Brexit meetings continue in Brussels. What is being discussed? What is not being discussed? What is the difference between “soft” and “hard” Brexit? Which party supports it? Which party is opposed? Who is paying for Brexit? How much? And why? To know what is happening, you have to read newspapers and articles or follow journalists on Twitter. Who has time for that? Not my neighbors. Why? They are busy dealing with debt.

With ever rising inequality in London — the top 10 percent hold 62.8 percent of the wealth — every minute announces an urgent need for extra quid.

In City of God, St. Augustine narrates that when emperor Alexander asked a captured pirate, “How dare you molest the seas?” The pirate replied, “How dare you molest the world? Because I do it with a small boat, I am called a pirate and a thief. You, with your great navy, molest the world and are called an emperor.”

The “emperors” of the United Kingdom use tax havens to avoid taxes; the petty “thieves” under report their income and profits to evade taxes. Tax avoidance is not a crime, but tax evasion is illegal.
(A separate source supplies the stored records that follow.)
lemma convex_on_conv_fun:
  assumes "convex_on UNIV g" "\<And>y. g y \<le> \<psi> y"
  shows "convex_on UNIV (conv_fun \<psi>)"
proof (rule convex_onI)
  fix t :: real and x y :: 'a
  assume t: "0 < t" "t < 1"
  show "conv_fun \<psi> ((1 - t) *\<^sub>R x + t *\<^sub>R y) \<le> (1 - t) * conv_fun \<psi> x + t * conv_fun \<psi> y"
    unfolding conv_fun_def[of \<psi>, THEN fun_cong, of "(1 - t) *\<^sub>R x + t *\<^sub>R y"]
  proof (rule cSup_least)
    fix v assume "v \<in> {h ((1 - t) *\<^sub>R x + t *\<^sub>R y) |h. convex_on UNIV h \<and> (\<forall>y. h y \<le> \<psi> y)}"
    then obtain h where h: "convex_on UNIV h" "\<And>y. h y \<le> \<psi> y" and v: "v = h ((1 - t) *\<^sub>R x + t *\<^sub>R y)"
      by blast
    have "v \<le> (1 - t) * h x + t * h y"
      using convex_onD[OF h(1), of t x y] t v by auto
    also have "\<dots> \<le> (1 - t) * conv_fun \<psi> x + t * conv_fun \<psi> y"
      using conv_fun_greatest[OF h, of x] conv_fun_greatest[OF h, of y] t
      by (intro add_mono mult_left_mono) auto
    finally show "v \<le> (1 - t) * conv_fun \<psi> x + t * conv_fun \<psi> y" .
  qed (use assms in blast)
qed simp

lemma
  assumes "\<psi> \<in> C2"
  shows conv_fun_le_C2: "conv_fun \<psi> y \<le> \<psi> y"
    and convex_on_conv_fun_C2: "convex_on UNIV (conv_fun \<psi>)"
proof -
  obtain l where "\<And>y. l + (norm y)\<^sup>2 / 2 \<le> \<psi> y"
    using C2_E[OF assms] by metis
  from conv_fun_le[OF convex_on_half_norm_square this] convex_on_conv_fun[OF convex_on_half_norm_square this]
  show "conv_fun \<psi> y \<le> \<psi> y" "convex_on UNIV (conv_fun \<psi>)" .
qed

lemma conv_fun_in_C2:
  assumes "\<psi> \<in> C2"
  shows "conv_fun \<psi> \<in> C2"
proof -
  obtain l a k where lower: "\<And>y. l + (norm y)\<^sup>2 / 2 \<le> \<psi> y" and upper: "\<And>y. \<psi> y \<le> a + k * (norm y)\<^sup>2"
    using C2_E[OF assms] by metis
  have "continuous_on UNIV (conv_fun \<psi>)"
    by (rule convex_on_continuous[OF open_UNIV convex_on_conv_fun_C2[OF assms]])
  moreover have "l + (norm y)\<^sup>2 / 2 \<le> conv_fun \<psi> y \<and> conv_fun \<psi> y \<le> a + k * (norm y)\<^sup>2" for y
    using conv_fun_greatest[OF convex_on_half_norm_square lower] conv_fun_le_C2[OF assms, of y] upper[of y]
    by fastforce
  ultimately show ?thesis
    unfolding C2_def by blast
qed

lemma convex_on_Inf_fibre:
  fixes H :: "('a::real_vector \<times> real) set"
  assumes H: "convex H" and ne: "\<And>x. \<exists>t. (x, t) \<in> H" and bdd: "\<And>x. bdd_below {t. (x, t) \<in> H}"
  shows "convex_on UNIV (\<lambda>x. Inf {t. (x, t) \<in> H})"
proof (rule convex_onI)
  define f where "f x = Inf {t. (x, t) \<in> H}" for x
  have f_le: "f x \<le> t" if "(x, t) \<in> H" for x t
    unfolding f_def using that bdd by (intro cInf_lower) auto
  have f_approx: "\<exists>t. (x, t) \<in> H \<and> t < f x + e" if "0 < e" for x e
    using cInf_lessD[of "{t. (x, t) \<in> H}" "f x + e"] ne[of x] that unfolding f_def by auto
  fix t :: real and x y :: 'a
  assume t: "0 < t" "t < 1"
  show "f ((1 - t) *\<^sub>R x + t *\<^sub>R y) \<le> (1 - t) * f x + t * f y"
  proof (rule field_le_epsilon)
    fix e :: real assume "0 < e"
    then obtain s r where s: "(x, s) \<in> H" "s < f x + e" and r: "(y, r) \<in> H" "r < f y + e"
      using f_approx by blast
    have "(1 - t) *\<^sub>R (x, s) + t *\<^sub>R (y, r) \<in> H"
      using t by (intro convexD[OF H s(1) r(1)]) auto
    then have "f ((1 - t) *\<^sub>R x + t *\<^sub>R y) \<le> (1 - t) * s + t * r"
      by (intro f_le) simp
    also have "\<dots> \<le> (1 - t) * (f x + e) + t * (f y + e)"
      using s r t by (intro add_mono mult_left_mono) auto
    finally show "f ((1 - t) *\<^sub>R x + t *\<^sub>R y) \<le> (1 - t) * f x + t * f y + e"
      by (simp add: algebra_simps)
  qed
qed simp

lemma ex_pmf_with_weights:
  assumes "finite S" "\<And>s. s \<in> S \<Longrightarrow> 0 \<le> u s" "sum u S = 1"
  shows "\<exists>W. set_pmf W \<subseteq> S \<and> (\<forall>s\<in>S. pmf W s = u s)"
proof -
  define w where "w s = (if s \<in> S then u s else 0)" for s
  have w_nonneg: "0 \<le> w s" for s
    using assms(2) unfolding w_def by auto
  have "(\<integral>\<^sup>+ s. ennreal (w s) \<partial>count_space UNIV) = ennreal (sum w S)"
    using assms(1) w_nonneg by (subst nn_integral_count_space') (auto simp: w_def sum_ennreal)
  also have "sum w S = 1"
    using assms(3) unfolding w_def by simp
  finally have "pmf (embed_pmf w) s = w s" for s
    using w_nonneg by (intro pmf_embed_pmf) auto
  then show ?thesis
    by (intro exI[of _ "embed_pmf w"]) (auto simp: set_pmf_iff w_def split: if_splits)
qed

text \<open>The lower boundary of the convex hull of the epigraph of \<open>\<psi>\<close> is a convex minorant of
  \<open>\<psi>\<close>, so that hull contains points \<open>(y, t)\<close> with \<open>t\<close> close to \<open>conv_fun \<psi> y\<close>; each of them
  is a finite convex combination of points of the epigraph.\<close>

lemma conv_fun_finite_approx:
  fixes \<psi> :: "'a::euclidean_space \<Rightarrow> real"
  assumes g: "convex_on UNIV g" "\<And>y. g y \<le> \<psi> y" and "0 < \<epsilon>"
  shows "\<exists>W :: 'a pmf. finite (set_pmf W) \<and> (\<integral>v. v \<partial>W) = y \<and> (\<integral>v. \<psi> v \<partial>W) < conv_fun \<psi> y + \<epsilon>"
proof -
  define H where "H = convex hull (epigraph UNIV \<psi>)"
  have graph_in_H: "(x, \<psi> x) \<in> H" for x
    unfolding H_def by (rule hull_inc) (simp add: epigraph_def)
  have "H \<subseteq> epigraph UNIV g"
    unfolding H_def using g by (intro hull_minimal convex_epigraphI) (auto simp: epigraph_def intro: order_trans)
  then have bdd: "bdd_below {t. (x, t) \<in> H}" for x
    by (intro bdd_belowI[where m = "g x"]) (auto simp: epigraph_def)
  have "Inf {t. (x, t) \<in> H} \<le> \<psi> x" for x
    using graph_in_H bdd by (intro cInf_lower) auto
  then have "Inf {t. (y, t) \<in> H} \<le> conv_fun \<psi> y"
    using graph_in_H bdd by (intro conv_fun_greatest convex_on_Inf_fibre) (auto simp: H_def)
  then obtain t where t: "(y, t) \<in> H" "t < conv_fun \<psi> y + \<epsilon>"
    using cInf_lessD[of "{t. (y, t) \<in> H}" "conv_fun \<psi> y + \<epsilon>"] graph_in_H \<open>0 < \<epsilon>\<close> by force
  then obtain S u where S: "finite S" "S \<subseteq> epigraph UNIV \<psi>" "\<And>s. s \<in> S \<Longrightarrow> 0 \<le> u s" "sum u S = 1"
    "(\<Sum>s\<in>S. u s *\<^sub>R s) = (y, t)"
    unfolding H_def convex_hull_explicit by blast
  obtain W0 where W0: "set_pmf W0 \<subseteq> S" "\<And>s. s \<in> S \<Longrightarrow> pmf W0 s = u s"
    using ex_pmf_with_weights[OF S(1,3,4)] by blast
  define W where "W = map_pmf fst W0"
  have "finite (set_pmf W)"
    unfolding W_def using W0(1) S(1) by (auto intro: finite_subset)
  moreover have "(\<integral>v. v \<partial>W) = y"
  proof -
    have "(\<integral>v. v \<partial>W) = (\<Sum>s\<in>S. u s *\<^sub>R fst s)"
      unfolding W_def using W0 S(1) by (subst integral_map_pmf, subst integral_measure_pmf[of S]) auto
    also have "\<dots> = y"
      using arg_cong[OF S(5), of fst] by (simp add: fst_sum)
    finally show ?thesis .
  qed
  moreover have "(\<integral>v. \<psi> v \<partial>W) < conv_fun \<psi> y + \<epsilon>"
  proof -
    have "(\<integral>v. \<psi> v \<partial>W) = (\<Sum>s\<in>S. \<psi> (fst s) * u s)"
      unfolding W_def using W0 S(1) by (subst integral_map_pmf, subst integral_measure_pmf_real[of S]) auto
    also have "\<dots> \<le> (\<Sum>s\<in>S. snd s * u s)"
      using S(2,3) by (intro sum_mono mult_right_mono) (auto simp: epigraph_def)
    also have "\<dots> = t"
      using arg_cong[OF S(5), of snd] by (simp add: snd_sum mult.commute)
    finally show ?thesis using t(2) by linarith
  qed
  ultimately show ?thesis by blast
qed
To make ends meet, many people opt for a loan. The debt charity StepChange estimates that in the United Kingdom, severe debt problems grip 3 million people. Another survey estimates that the number of people facing severe debt problems to be higher than 4 million.
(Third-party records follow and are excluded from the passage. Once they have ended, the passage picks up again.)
lemma g_pow2_minus_1: "g (2 ^ L - 1) = 1 / 9 + 8 / 9 * (- 1 / 2) ^ L"
proof (induction L)
  case (Suc L)
  define X :: nat where "X = 2 ^ L"
  have "0 < X" "2 ^ Suc L = 2 * X"
    by (simp_all add: X_def)
  then have e: "2 ^ Suc L - 1 = 2 * (X - 1) + 1" "X - 1 + 1 = X"
    by simp_all
  have "g X = - 1 / 3"
    using g_pow2_mult[of L 1] g_1 by (simp add: X_def)
  then have "g (2 ^ Suc L - 1) = - (g (X - 1) - 1 / 3) / 2"
    by (simp only: e g_Suc_double) simp
  then show ?case
    using Suc.IH by (simp add: X_def field_simps)
qed (simp add: g_0)

lemma pairmax_rep_block_le:
  assumes "1 \<le> K" "0 < c" "c + 1 < 2 ^ K"
  shows "pairmax (rep_block K c j) \<le> (1 / 2) ^ j"
proof (induction j)
  case (Suc j)
  then show ?case
    using pairmax_append_square[OF assms, of "rep_block K c j"] by simp
qed (simp add: pairmax_0)

lemma exists_g_mult_neq_if_less:
  assumes "odd p" "odd q" "q < p"
  shows "\<exists>r. g (p * r) \<noteq> g (q * r)"
proof -
  obtain K c r where K: "1 \<le> K" "0 < c" "c + 1 < 2 ^ K"
    and pr: "p * r = 2 ^ (2 * K * 4) - 1" and qr: "q * r = rep_block K c 4"
    using binary_words_of_odd_multiples[of p q] assms by (auto intro: odd_pos)
  have "g (p * r) > 1 / 9"
    using g_pow2_minus_1[of "2 * K * 4"] by (simp add: pr zero_less_power_eq)
  moreover have "\<bar>g (q * r)\<bar> \<le> 1 / 16"
    using pairmax_rep_block_le[OF K, of 4] by (simp add: qr pairmax_def power_divide)
  ultimately have "g (p * r) \<noteq> g (q * r)"
    by (auto simp: abs_le_iff)
  then show ?thesis ..
qed

lemma exists_g_mult_neq:
  assumes "odd p" "odd q" "p \<noteq> q"
  shows "\<exists>r. g (p * r) \<noteq> g (q * r)"
proof (cases "q < p")
  case True
  then show ?thesis
    using assms by (intro exists_g_mult_neq_if_less)
next
  case False
  then have "p < q"
    using assms(3) by simp
  then obtain r where "g (q * r) \<noteq> g (p * r)"
    using assms exists_g_mult_neq_if_less[of q p] by blast
  then show ?thesis
    by (intro exI[of _ r]) (simp add: eq_commute)
qed

end

section \<open>Mutual singularity from almost sure limits\<close>

lemma mutually_singular_if_AE_tendsto:
  fixes f :: "nat \<Rightarrow> 'a \<Rightarrow> 'b::{first_countable_topology, t2_space}"
  assumes sets: "sets \<mu> = sets M" "sets \<nu> = sets M"
    and meas: "\<And>j. f j \<in> borel_measurable M"
    and lim_\<mu>: "AE x in \<mu>. (\<lambda>j. f j x) \<longlonglongrightarrow> a"
    and lim_\<nu>: "AE x in \<nu>. (\<lambda>j. f j x) \<longlonglongrightarrow> b"
    and "a \<noteq> b"
  shows "mutually_singular \<mu> \<nu>"
proof -
  define A where "A = {x \<in> space M. (\<lambda>j. f j x) \<longlonglongrightarrow> b}"
  have A: "A \<in> sets M"
    unfolding A_def by (rule predE[OF measurable_limit[OF meas]])
  have space: "space \<mu> = space M" "space \<nu> = space M"
    by (intro sets_eq_imp_space_eq sets)+
  have "AE x in \<mu>. x \<notin> A"
    using lim_\<mu>
  proof eventually_elim
    case (elim x)
    show "x \<notin> A"
    proof
      assume "x \<in> A"
      then have "(\<lambda>j. f j x) \<longlonglongrightarrow> b"
        by (simp add: A_def)
      with elim have "a = b"
        by (rule LIMSEQ_unique)
      with \<open>a \<noteq> b\<close> show False ..
    qed
  qed
  then have "\<mu> A = 0"
    using AE_iff_null_sets[of A \<mu>] A sets by (simp add: null_setsD1)
  moreover have "AE x in \<nu>. x \<notin> space \<nu> - A"
    using lim_\<nu> AE_space[of \<nu>] by eventually_elim (auto simp: A_def space)
  then have "\<nu> (space \<nu> - A) = 0"
    using AE_iff_null_sets[of "space \<nu> - A" \<nu>] sets.compl_sets[OF A] sets
    by (simp add: space null_setsD1)
  ultimately show ?thesis
    using A sets unfolding mutually_singular_def by auto
qed

lemma (in prob_space) AE_tendsto_if_summable_prob_dist:
  fixes X :: "nat \<Rightarrow> 'a \<Rightarrow> 'b::{metric_space, second_countable_topology}"
  assumes [measurable]: "\<And>j. X j \<in> borel_measurable M"
    and summable: "\<And>e. 0 < e \<Longrightarrow> summable (\<lambda>j. prob {x \<in> space M. e \<le> dist (X j x) c})"
  shows "AE x in M. (\<lambda>j. X j x) \<longlonglongrightarrow> c"
proof -
  have "AE x in M. eventually (\<lambda>j. dist (X j x) c < inverse (Suc i)) sequentially" for i :: nat
  proof -
    have "AE x in M. eventually (\<lambda>j. x \<in> space M - {x \<in> space M. inverse (Suc i) \<le> dist (X j x) c})
        sequentially"
    proof (rule borel_cantelli_AE1)
      show "{x \<in> space M. inverse (Suc i) \<le> dist (X j x) c} \<in> events" for j
        by measurable
    qed (use summable[of "inverse (Suc i)"] in \<open>simp_all add: less_top[symmetric]\<close>)
    then show ?thesis
      by eventually_elim (auto simp: not_le elim: eventually_mono)
  qed
  then have "AE x in M. \<forall>i::nat. eventually (\<lambda>j. dist (X j x) c < inverse (Suc i)) sequentially"
    by (simp add: AE_all_countable)
  then show ?thesis
  proof eventually_elim
    case (elim x)
    show ?case
    proof (rule metric_LIMSEQ_I)
      fix e :: real
      assume "0 < e"
      then obtain i where i: "inverse (real (Suc i)) < e"
        using reals_Archimedean by blast
      obtain J where "\<forall>j\<ge>J. dist (X j x) c < inverse (Suc i)"
        using elim unfolding eventually_sequentially by blast
      with i show "\<exists>J. \<forall>j\<ge>J. dist (X j x) c < e"
        by (meson order.strict_trans)
    qed
  qed
qed

section \<open>Averages along doubling sequences\<close>

definition doubling_avg :: "nat \<Rightarrow> nat \<Rightarrow> complex \<Rightarrow> complex" where
  "doubling_avg u N z = (\<Sum>k<N. z ^ (u * 2 ^ k)) / of_nat N"

lemma borel_measurable_doubling_avg [measurable]: "doubling_avg u N \<in> borel_measurable borel"
  unfolding doubling_avg_def by measurable

lemma doubling_avg_power: "doubling_avg u N (z ^ p) = doubling_avg (p * u) N z"
  by (simp add: doubling_avg_def mult.assoc flip: power_mult)

lemma norm_doubling_avg_le:
  assumes "cmod z = 1"
  shows "cmod (doubling_avg u N z) \<le> 1"
proof (cases "N = 0")
  case False
  have "cmod (\<Sum>k<N. z ^ (u * 2 ^ k)) \<le> (\<Sum>k<N. cmod (z ^ (u * 2 ^ k)))"
    by (rule norm_sum)
  also have "\<dots> = N"
    using assms by (simp add: norm_power)
  finally show ?thesis
    using False by (simp add: doubling_avg_def norm_divide divide_le_eq)
qed (simp add: doubling_avg_def)

lemma of_real_norm_avg_diff_sq:
  fixes x :: "nat \<Rightarrow> complex" and a :: real
  assumes "0 < N"
  shows "complex_of_real ((cmod ((\<Sum>k<N. x k) / of_nat N - of_real a))\<^sup>2)
    = (\<Sum>j<N. \<Sum>k<N. (x j - of_real a) * (cnj (x k) - of_real a)) / (of_nat N)\<^sup>2"
proof -
  let ?X = "\<Sum>k<N. (x k - of_real a)"
  have "(\<Sum>k<N. x k) / of_nat N - of_real a = ?X / of_nat N"
    using assms by (simp add: sum_subtractf field_simps)
  moreover have "complex_of_real ((cmod (?X / of_nat N))\<^sup>2) = (?X / of_nat N) * cnj (?X / of_nat N)"
    by (rule complex_norm_square)
  moreover have "?X * cnj ?X = (\<Sum>j<N. \<Sum>k<N. (x j - of_real a) * (cnj (x k) - of_real a))"
    by (simp add: sum_product)
  ultimately show ?thesis
    by (simp add: power2_eq_square)
qed

locale tm_spectral = tm_coeffs g + prob_space \<sigma>
  for g :: "nat \<Rightarrow> real" and \<sigma> :: "complex measure" +
  assumes sets_\<sigma>: "sets \<sigma> = sets borel"
    and AE_norm_eq_1: "AE z in \<sigma>. cmod z = 1"
    and integral_power: "(\<integral>z. z ^ k \<partial>\<sigma>) = of_real (g k)"
    and integral_cnj_power: "(\<integral>z. cnj z ^ k \<partial>\<sigma>) = of_real (g k)"
begin

lemma borel_measurable_\<sigma>: "f \<in> borel_measurable borel \<Longrightarrow> f \<in> borel_measurable \<sigma>"
  by (subst measurable_cong_sets[OF sets_\<sigma> refl])

lemma integrable_if_bounded_on_circle:
  fixes f :: "complex \<Rightarrow> 'b::{banach, second_countable_topology}"
  assumes "continuous_on UNIV f" "\<And>z. cmod z = 1 \<Longrightarrow> norm (f z) \<le> B"
  shows "integrable \<sigma> f"
proof (rule integrable_const_bound)
  show "AE z in \<sigma>. norm (f z) \<le> B"
    using AE_norm_eq_1 by eventually_elim (use assms(2) in auto)
  show "f \<in> borel_measurable \<sigma>"
    using assms(1) by (intro borel_measurable_\<sigma> borel_measurable_continuous_onI)
qed

lemma integrable_power_mult_cnj_power: "integrable \<sigma> (\<lambda>z. z ^ m * cnj z ^ n)"
  and integrable_power: "integrable \<sigma> (\<lambda>z. z ^ m)"
  and integrable_cnj_power: "integrable \<sigma> (\<lambda>z. cnj z ^ n)"
  by (rule integrable_if_bounded_on_circle[where B = 1];
      auto intro!: continuous_intros simp: norm_mult norm_power)+

lemma integral_power_mult_cnj_power: "(\<integral>z. z ^ m * cnj z ^ n \<partial>\<sigma>) = of_real (g_int (int m - int n))"
proof -
  have eq: "z ^ m * cnj z ^ n = (if n \<le> m then z ^ (m - n) else cnj z ^ (n - m))" if "cmod z = 1" for z
  proof -
    have z: "z * cnj z = 1"
      using complex_norm_square[of z] that by simp
    show ?thesis
    proof (cases "n \<le> m")
      case True
      then have "z ^ m * cnj z ^ n = z ^ (m - n) * (z * cnj z) ^ n"
        by (simp add: power_mult_distrib mult_ac flip: power_add)
      then show ?thesis
        using True z by simp
    next
      case False
      then have "z ^ m * cnj z ^ n = cnj z ^ (n - m) * (z * cnj z) ^ m"
        by (simp add: power_mult_distrib mult_ac flip: power_add)
      then show ?thesis
        using False z by simp
    qed
  qed
  have "(\<integral>z. z ^ m * cnj z ^ n \<partial>\<sigma>) = (\<integral>z. (if n \<le> m then z ^ (m - n) else cnj z ^ (n - m)) \<partial>\<sigma>)"
  proof (rule integral_cong_AE)
    show "(\<lambda>z. z ^ m * cnj z ^ n) \<in> borel_measurable \<sigma>"
      by (intro borel_measurable_\<sigma> borel_measurable_continuous_onI continuous_intros)
    show "(\<lambda>z. if n \<le> m then z ^ (m - n) else cnj z ^ (n - m)) \<in> borel_measurable \<sigma>"
      by (cases "n \<le> m")
        (simp_all add: borel_measurable_\<sigma> borel_measurable_continuous_onI continuous_intros)
    show "AE z in \<sigma>. z ^ m * cnj z ^ n = (if n \<le> m then z ^ (m - n) else cnj z ^ (n - m))"
      using AE_norm_eq_1 by eventually_elim (rule eq)
  qed
  also have "\<dots> = of_real (g_int (int m - int n))"
    by (cases "n \<le> m")
      (simp_all add: integral_power integral_cnj_power g_int_def flip: of_nat_diff)
  finally show ?thesis .
qed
“In Newham, one out of every five people, about 20 percent of the population, is affected by some version of debt.”

In Newham, one out of every five people, about 20 percent of the population, is affected by some version of debt — statistically worse than any other part of London. And here comes Christmas, the time of the year when you make a choice: use a credit card to buy the toy your child desires, or just be an awful parent. No wonder the topic of debt surfaces on our Friday night chai gatherings instead of Brexit. .

If or when Brexit is negotiated, finalized, or even reversed by the politicians, I wouldn’t be surprised at the absence of protest or participation in my area. The zest of the political discussion is no more. People in debt bondage here in Newham, just like anywhere else in the world, don’t turn into active agents of democracy. Political deliberations prove difficult activity when financial decisions choke your purse and your mind.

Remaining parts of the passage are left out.